§ Task goal
Pick each line containing the word "proof" out of the data below.

§ Material provided
(* Let $G$ be an $(a\times b)$ simple grid and $c:V(G)\to\{1,2,3\}$ a proper coloring. For every simple directed cycle $C$ in $G$ (no repeated nodes), $b(C)=0$.
   Context: An $(a\times b)$ simple grid has node set $\{(i,j): i\in[a], j\in[b]\}$, with $(i,j)$ and $(i',j')$ adjacent iff $|i-i'|+|j-j'|=1$. Given a graph $G=(V,E)$ with a proper coloring $c:V\to\{1,2,3\}$, for an edge $\{u,v\}\in E$ define $a(u,v)=c(u)-c(v)$ if $c(u)\ne 3$ and $c(v)\ne 3$, and $a(u,v)=0$ otherwise. For a directed path or directed cycle $H$ (a path or cycle of $G$ with its edges oriented consistently along it), define $b(H)=\sum_{(u,v)\in H}a(u,v)$, the sum over its directed edges; a path of length zero has $b$-value $0$. *)

theory Defs
  imports Main
begin

definition grid_nodes :: "nat \<Rightarrow> nat \<Rightarrow> (nat \<times> nat) set" where
  "grid_nodes a b = {1..a} \<times> {1..b}"

definition grid_adj :: "nat \<times> nat \<Rightarrow> nat \<times> nat \<Rightarrow> bool" where
  "grid_adj u v \<longleftrightarrow>
     \<bar>int (fst u) - int (fst v)\<bar> + \<bar>int (snd u) - int (snd v)\<bar> = 1"

definition proper_3coloring :: "nat \<Rightarrow> nat \<Rightarrow> (nat \<times> nat \<Rightarrow> int) \<Rightarrow> bool" where
  "proper_3coloring a b c \<longleftrightarrow>
     (\<forall>v \<in> grid_nodes a b. c v \<in> {1, 2, 3}) \<and>
     (\<forall>u \<in> grid_nodes a b. \<forall>v \<in> grid_nodes a b. grid_adj u v \<longrightarrow> c u \<noteq> c v)"

definition aval :: "(nat \<times> nat \<Rightarrow> int) \<Rightarrow> nat \<times> nat \<Rightarrow> nat \<times> nat \<Rightarrow> int" where
  "aval c u v = (if c u \<noteq> 3 \<and> c v \<noteq> 3 then c u - c v else 0)"

definition grid_dir_cycle :: "nat \<Rightarrow> nat \<Rightarrow> (nat \<times> nat) list \<Rightarrow> bool" where
  "grid_dir_cycle a b vs \<longleftrightarrow>
     length vs \<ge> 3 \<and> distinct vs \<and> set vs \<subseteq> grid_nodes a b \<and>
     (\<forall>i < length vs. grid_adj (vs ! i) (vs ! ((i + 1) mod length vs)))"

definition bval_cycle :: "(nat \<times> nat \<Rightarrow> int) \<Rightarrow> (nat \<times> nat) list \<Rightarrow> int" where
  "bval_cycle c vs = (\<Sum>i < length vs. aval c (vs ! i) (vs ! ((i + 1) mod length vs)))"

end

theory Submission
  imports Defs
begin

text \<open>The edge weights a(u,v) of a proper 3-colouring have zero circulation around every
  unit square of the grid. Since the grid is simply connected, they are then the differences of a
  potential, obtained by integrating along row 1 and then down the columns, and the sum of a
  gradient around any closed walk telescopes to zero.\<close>

lemma aval_swap: "aval c u v = - aval c v u"
  unfolding aval_def by auto

lemma aval_4cycle_sum_eq_0:
  assumes "c p \<in> {1,2,3}" "c q \<in> {1,2,3}" "c r \<in> {1,2,3}" "c s \<in> {1,2,3}"
    and "c p \<noteq> c q" "c q \<noteq> c r" "c r \<noteq> c s" "c s \<noteq> c p"
  shows "aval c p q + aval c q r + aval c r s + aval c s p = 0"
  using assms unfolding aval_def by auto

lemma proper_3coloring_square_sum_eq_0:
  assumes col: "proper_3coloring a b c"
    and ij: "1 \<le> i" "Suc i \<le> a" "1 \<le> j" "Suc j \<le> b"
  shows "aval c (i, j) (i, Suc j) + aval c (i, Suc j) (Suc i, Suc j)
       + aval c (Suc i, Suc j) (Suc i, j) + aval c (Suc i, j) (i, j) = 0"
proof (rule aval_4cycle_sum_eq_0)
  let ?V = "{(i, j), (i, Suc j), (Suc i, Suc j), (Suc i, j)}"
  have "?V \<subseteq> grid_nodes a b"
    using ij by (auto simp: grid_nodes_def)
  then show "c (i, j) \<in> {1,2,3}" "c (i, Suc j) \<in> {1,2,3}"
    "c (Suc i, Suc j) \<in> {1,2,3}" "c (Suc i, j) \<in> {1,2,3}"
    "c (i, j) \<noteq> c (i, Suc j)" "c (i, Suc j) \<noteq> c (Suc i, Suc j)"
    "c (Suc i, Suc j) \<noteq> c (Suc i, j)" "c (Suc i, j) \<noteq> c (i, j)"
    using col unfolding proper_3coloring_def by (auto simp: grid_adj_def)
qed

text \<open>Row 0 and column 0 lie outside the grid; the values there are junk.\<close>
fun grid_potential :: "(nat \<times> nat \<Rightarrow> nat \<times> nat \<Rightarrow> int) \<Rightarrow> nat \<times> nat \<Rightarrow> int" where
  "grid_potential w (0, j) = 0"
| "grid_potential w (Suc 0, 0) = 0"
| "grid_potential w (Suc 0, Suc j) = grid_potential w (1, j) - w (1, j) (1, Suc j)"
| "grid_potential w (Suc (Suc i), j) = grid_potential w (Suc i, j) - w (Suc i, j) (Suc (Suc i), j)"

lemma grid_potential_down:
  "1 \<le> i \<Longrightarrow> w (i, j) (Suc i, j) = grid_potential w (i, j) - grid_potential w (Suc i, j)"
  by (cases i) auto

context
  fixes a b :: nat and w :: "nat \<times> nat \<Rightarrow> nat \<times> nat \<Rightarrow> int"
  assumes antisym: "\<And>u v. w u v = - w v u"
    and square: "\<And>i j. 1 \<le> i \<Longrightarrow> Suc i \<le> a \<Longrightarrow> 1 \<le> j \<Longrightarrow> Suc j \<le> b \<Longrightarrow>
      w (i, j) (i, Suc j) + w (i, Suc j) (Suc i, Suc j) + w (Suc i, Suc j) (Suc i, j)
      + w (Suc i, j) (i, j) = 0"
begin

lemma grid_potential_right:
  "1 \<le> i \<Longrightarrow> i \<le> a \<Longrightarrow> 1 \<le> j \<Longrightarrow> Suc j \<le> b \<Longrightarrow>
    w (i, j) (i, Suc j) = grid_potential w (i, j) - grid_potential w (i, Suc j)"
proof (induction i rule: nat_induct_at_least)
  case base
  then show ?case by simp
next
  case (Suc i)
  have "w (i, j) (i, Suc j) = grid_potential w (i, j) - grid_potential w (i, Suc j)"
    using Suc by simp
  moreover have "w (i, Suc j) (Suc i, Suc j) + w (Suc i, Suc j) (Suc i, j)
      + w (Suc i, j) (i, j) + w (i, j) (i, Suc j) = 0"
    using square[of i j] Suc.prems Suc.hyps by simp
  moreover have "w (i, Suc j) (Suc i, Suc j)
      = grid_potential w (i, Suc j) - grid_potential w (Suc i, Suc j)"
    "w (Suc i, j) (i, j) = grid_potential w (Suc i, j) - grid_potential w (i, j)"
    using grid_potential_down[of i w] antisym[of "(Suc i, j)" "(i, j)"] Suc.hyps by auto
  ultimately show ?case
    using antisym[of "(Suc i, Suc j)" "(Suc i, j)"] by linarith
qed

lemma grid_potential_edge:
  assumes "u \<in> grid_nodes a b" "v \<in> grid_nodes a b" "grid_adj u v"
  shows "w u v = grid_potential w u - grid_potential w v"
proof -
  obtain i j k l where u: "u = (i, j)" and v: "v = (k, l)"
    by (cases u, cases v) auto
  have bounds: "1 \<le> i" "i \<le> a" "1 \<le> j" "j \<le> b" "1 \<le> k" "k \<le> a" "1 \<le> l" "l \<le> b"
    using assms(1,2) u v by (auto simp: grid_nodes_def)
  have "\<bar>int i - int k\<bar> + \<bar>int j - int l\<bar> = 1"
    using assms(3) u v by (simp add: grid_adj_def)
  then consider "k = i" "l = Suc j" | "k = i" "j = Suc l" | "l = j" "k = Suc i" | "l = j" "i = Suc k"
    by arith
  then show ?thesis
  proof cases
    case 1
    then show ?thesis using grid_potential_right[of i j] bounds u v by simp
  next
    case 2
    then show ?thesis using grid_potential_right[of i l] bounds u v antisym[of u v] by simp
  next
    case 3
    then show ?thesis using grid_potential_down[of i w j] bounds u v by simp
  next
    case 4
    then show ?thesis using grid_potential_down[of k w j] bounds u v antisym[of u v] by simp
  qed
qed

end

lemma sum_cyclic_differences:
  fixes f :: "nat \<Rightarrow> 'a::ab_group_add"
  assumes "n > 0"
  shows "(\<Sum>i<n. f i - f ((i + 1) mod n)) = 0"
proof -
  obtain m where n: "n = Suc m"
    using assms by (cases n) auto
  have "(\<Sum>i<Suc m. f ((i + 1) mod Suc m)) = (\<Sum>i<m. f ((i + 1) mod Suc m)) + f 0"
    by (simp add: sum.lessThan_Suc)
  also have "(\<Sum>i<m. f ((i + 1) mod Suc m)) = (\<Sum>i<m. f (Suc i))"
    by (rule sum.cong) auto
  also have "(\<Sum>i<m. f (Suc i)) + f 0 = (\<Sum>i<Suc m. f i)"
    unfolding sum.lessThan_Suc_shift by (rule add.commute)
  finally show ?thesis
    using n by (simp add: sum_subtractf)
qed

theorem mainTheorem10:
  fixes a b :: nat and c :: "nat \<times> nat \<Rightarrow> int" and C :: "(nat \<times> nat) list"
  assumes "proper_3coloring a b c"
    and "grid_dir_cycle a b C"
  shows "bval_cycle c C = 0"
proof -
  let ?n = "length C" and ?\<phi> = "grid_potential (aval c)"
  have cyc: "?n \<ge> 3" "set C \<subseteq> grid_nodes a b"
    "\<forall>i < ?n. grid_adj (C ! i) (C ! ((i + 1) mod ?n))"
    using assms(2) unfolding grid_dir_cycle_def by auto
  have "bval_cycle c C = (\<Sum>i<?n. ?\<phi> (C ! i) - ?\<phi> (C ! ((i + 1) mod ?n)))"
    unfolding bval_cycle_def
  proof (rule sum.cong)
    fix i assume i: "i \<in> {..<?n}"
    have "(i + 1) mod ?n < ?n"
      using cyc(1) by (intro mod_less_divisor) linarith
    then show "aval c (C ! i) (C ! ((i + 1) mod ?n))
        = ?\<phi> (C ! i) - ?\<phi> (C ! ((i + 1) mod ?n))"
      using i cyc
      by (intro grid_potential_edge[OF aval_swap proper_3coloring_square_sum_eq_0[OF assms(1)]])
        auto
  qed simp
  also have "\<dots> = 0"
    by (rule sum_cyclic_differences) (use cyc(1) in linarith)
  finally show ?thesis .
qed

end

§ Response box
proof (rule aval_4cycle_sum_eq_0)
proof (induction i rule: nat_induct_at_least)
proof -
  proof cases
proof -
proof -
  proof (rule sum.cong)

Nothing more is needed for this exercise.